# Slow Opening Valves



## crussell (Mar 12, 2018)

The time has come that I want to re-do my in-ground valve box, and I'm thinking I should replace my valves.

Ever since initially installing my system, when a zone kicks on I get a bit of a chatter noise coming from the pipes of my house. I've researched and found this to be Water Hammer, from the sudden flow when the valves open. I've also read this commonly happens when a valve closes and the water flow comes to a halt, but I've never noticed it on the back end. I know that Water Hammer can cause long term issues with pipes, and with that being said I've just lived with it thinking I'll get it corrected one day.

Does anyone know of valves that have a "slower" opening? I've found some that have a slow close, but not a slow open. I know I can manually turn down the flow of the valve which would help with my issue, but then I would be running less flow through my system and experience coverage issues as well as less application.

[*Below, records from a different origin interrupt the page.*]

(* Let $i\ge 2$ be an integer and let $f^{[i]}_n$ ($n\ge 1$) be the $i$-Fibonacci words. Then for every $n\ge 1$, $$X^{[i]}\big(f^{[i]}_n\big)=f^{[i]}_{n+1}.$$
   Context: For an integer $i\ge 2$, the $i$-Fibonacci words are finite words over the alphabet $\{0,1\}$ defined by $f^{[i]}_1=0$, $f^{[i]}_2=0^{i-1}1$ (where $0^{i-1}$ denotes $i-1$ consecutive $0$'s), and $f^{[i]}_n=f^{[i]}_{n-1}f^{[i]}_{n-2}$ (concatenation) for $n\ge 3$. The substitution $X^{[i]}$ acts on words that are written as concatenations of the two blocks $0$ and $0^{i-1}1$. Such a decomposition, when it exists, is unique: each letter $1$ forms a block together with the $i-1$ zeros immediately preceding it, and every other $0$ is a block by itself. $X^{[i]}$ replaces each block independently: the block $0$ is replaced by $0^{i-1}1$, and the block $0^{i-1}1$ is replaced by $0^{i-1}10$. The result is again a concatenation of such blocks. In the statement, $X^{[i]}$ is applied to $f^{[i]}_n$ written in its block decomposition. *)

theory Defs
  imports Main
begin

text \<open>Words over the alphabet {0,1} are lists of naturals.\<close>

fun fibw :: "nat \<Rightarrow> nat \<Rightarrow> nat list" where
  "fibw i 0 = []"
| "fibw i (Suc 0) = [0]"
| "fibw i (Suc (Suc 0)) = replicate (i - 1) 0 @ [1]"
| "fibw i (Suc (Suc (Suc n))) = fibw i (Suc (Suc n)) @ fibw i (Suc n)"

datatype block = A | B

fun block_word :: "nat \<Rightarrow> block \<Rightarrow> nat list" where
  "block_word i A = [0]"
| "block_word i B = replicate (i - 1) 0 @ [1]"

text \<open>Image of a block under the substitution X^[i]:
  0 maps to 0^(i-1)1, and 0^(i-1)1 maps to 0^(i-1)10.\<close>
fun X_block :: "block \<Rightarrow> block list" where
  "X_block A = [B]"
| "X_block B = [B, A]"

definition is_block_decomp :: "nat \<Rightarrow> block list \<Rightarrow> nat list \<Rightarrow> bool" where
  "is_block_decomp i bs w \<longleftrightarrow> concat (map (block_word i) bs) = w"

text \<open>X^[i] applied to w, via its (unique, when existing) block decomposition.\<close>
definition X_subst :: "nat \<Rightarrow> nat list \<Rightarrow> nat list" where
  "X_subst i w = concat (map (block_word i) (concat (map X_block (THE bs. is_block_decomp i bs w))))"

end

theory Submission
  imports Defs
begin

text \<open>The block decomposition of \<open>f\<^sub>n\<close> obeys the Fibonacci recursion itself, and \<open>X\<close> maps it to
  the decomposition of \<open>f\<^sub>n\<^sub>+\<^sub>1\<close>. Uniqueness holds because, for \<open>i \<ge> 2\<close>, the two blocks end in
  different letters, so a decomposition can be read off from the right.\<close>

fun fib_blocks :: "nat \<Rightarrow> block list" where
  "fib_blocks 0 = []"
| "fib_blocks (Suc 0) = [A]"
| "fib_blocks (Suc (Suc 0)) = [B]"
| "fib_blocks (Suc (Suc (Suc n))) = fib_blocks (Suc (Suc n)) @ fib_blocks (Suc n)"

lemma is_block_decomp_fib_blocks: "is_block_decomp i (fib_blocks n) (fibw i n)"
  unfolding is_block_decomp_def by (induction n rule: fib_blocks.induct) auto

lemma concat_X_block_fib_blocks:
  "n \<ge> 1 \<Longrightarrow> concat (map X_block (fib_blocks n)) = fib_blocks (Suc n)"
  by (induction n rule: fib_blocks.induct) auto

lemma block_word_nonempty [simp]: "block_word i b \<noteq> []"
  by (cases b) auto

lemma block_word_last_eq_iff:
  "i \<ge> 2 \<Longrightarrow> last (block_word i b) = last (block_word i c) \<longleftrightarrow> b = c"
  by (cases b; cases c) auto

lemma concat_block_word_eq_Nil_iff: "concat (map (block_word i) bs) = [] \<longleftrightarrow> bs = []"
  by (induction bs) auto

lemma concat_block_word_inject:
  assumes "i \<ge> 2" and "concat (map (block_word i) bs) = concat (map (block_word i) cs)"
  shows "bs = cs"
  using assms(2)
proof (induction bs arbitrary: cs rule: rev_induct)
  case Nil
  then show ?case by (simp add: concat_block_word_eq_Nil_iff)
next
  case (snoc b bs)
  then obtain cs' c where cs: "cs = cs' @ [c]"
    by (metis concat_block_word_eq_Nil_iff snoc_eq_iff_butlast)
  have eq: "concat (map (block_word i) bs) @ block_word i b
          = concat (map (block_word i) cs') @ block_word i c"
    using snoc.prems cs by simp
  then have "last (block_word i b) = last (block_word i c)"
    by (metis block_word_nonempty last_appendR)
  then have "b = c"
    using block_word_last_eq_iff[OF assms(1)] by blast
  with eq snoc.IH cs show ?case by simp
qed

lemma block_decomp_unique:
  assumes "i \<ge> 2" and "is_block_decomp i bs w"
  shows "is_block_decomp i cs w \<longleftrightarrow> cs = bs"
  using assms(2) concat_block_word_inject[OF assms(1)] unfolding is_block_decomp_def by metis

lemma X_subst_eq:
  assumes "i \<ge> 2" and "is_block_decomp i bs w"
  shows "X_subst i w = concat (map (block_word i) (concat (map X_block bs)))"
proof -
  have "(THE cs. is_block_decomp i cs w) = bs"
    using block_decomp_unique[OF assms] by simp
  then show ?thesis unfolding X_subst_def by simp
qed

theorem proposition2p2:
  fixes i n :: nat
  assumes "i \<ge> 2" and "n \<ge> 1"
  shows "(\<exists>!bs. is_block_decomp i bs (fibw i n)) \<and> X_subst i (fibw i n) = fibw i (Suc n)"
proof
  show "\<exists>!bs. is_block_decomp i bs (fibw i n)"
    using block_decomp_unique[OF assms(1) is_block_decomp_fib_blocks] by simp
  have "X_subst i (fibw i n) = concat (map (block_word i) (fib_blocks (Suc n)))"
    unfolding X_subst_eq[OF assms(1) is_block_decomp_fib_blocks] concat_X_block_fib_blocks[OF assms(2)] ..
  also have "\<dots> = fibw i (Suc n)"
    using is_block_decomp_fib_blocks unfolding is_block_decomp_def .
  finally show "X_subst i (fibw i n) = fibw i (Suc n)" .
qed

end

Our City states a maximum time allowance for watering so I'd like to avoid having to run my zones longer.


----------



## g-man (Jun 15, 2017)

What about just adding a water hammer resistor thing?


----------



## crussell (Mar 12, 2018)

g-man said:


> What about just adding a water hammer resistor thing?


...Didn't realize those existed :shock: But sure enough, found them!

https://www.amazon.com/water-hammer-arrestor/s?k=water+hammer+arrestor

Now I just need to figure out where to put it...


----------



## g-man (Jun 15, 2017)

My builder installed them in most faucets in the house.

Install them close to the valve box.


----------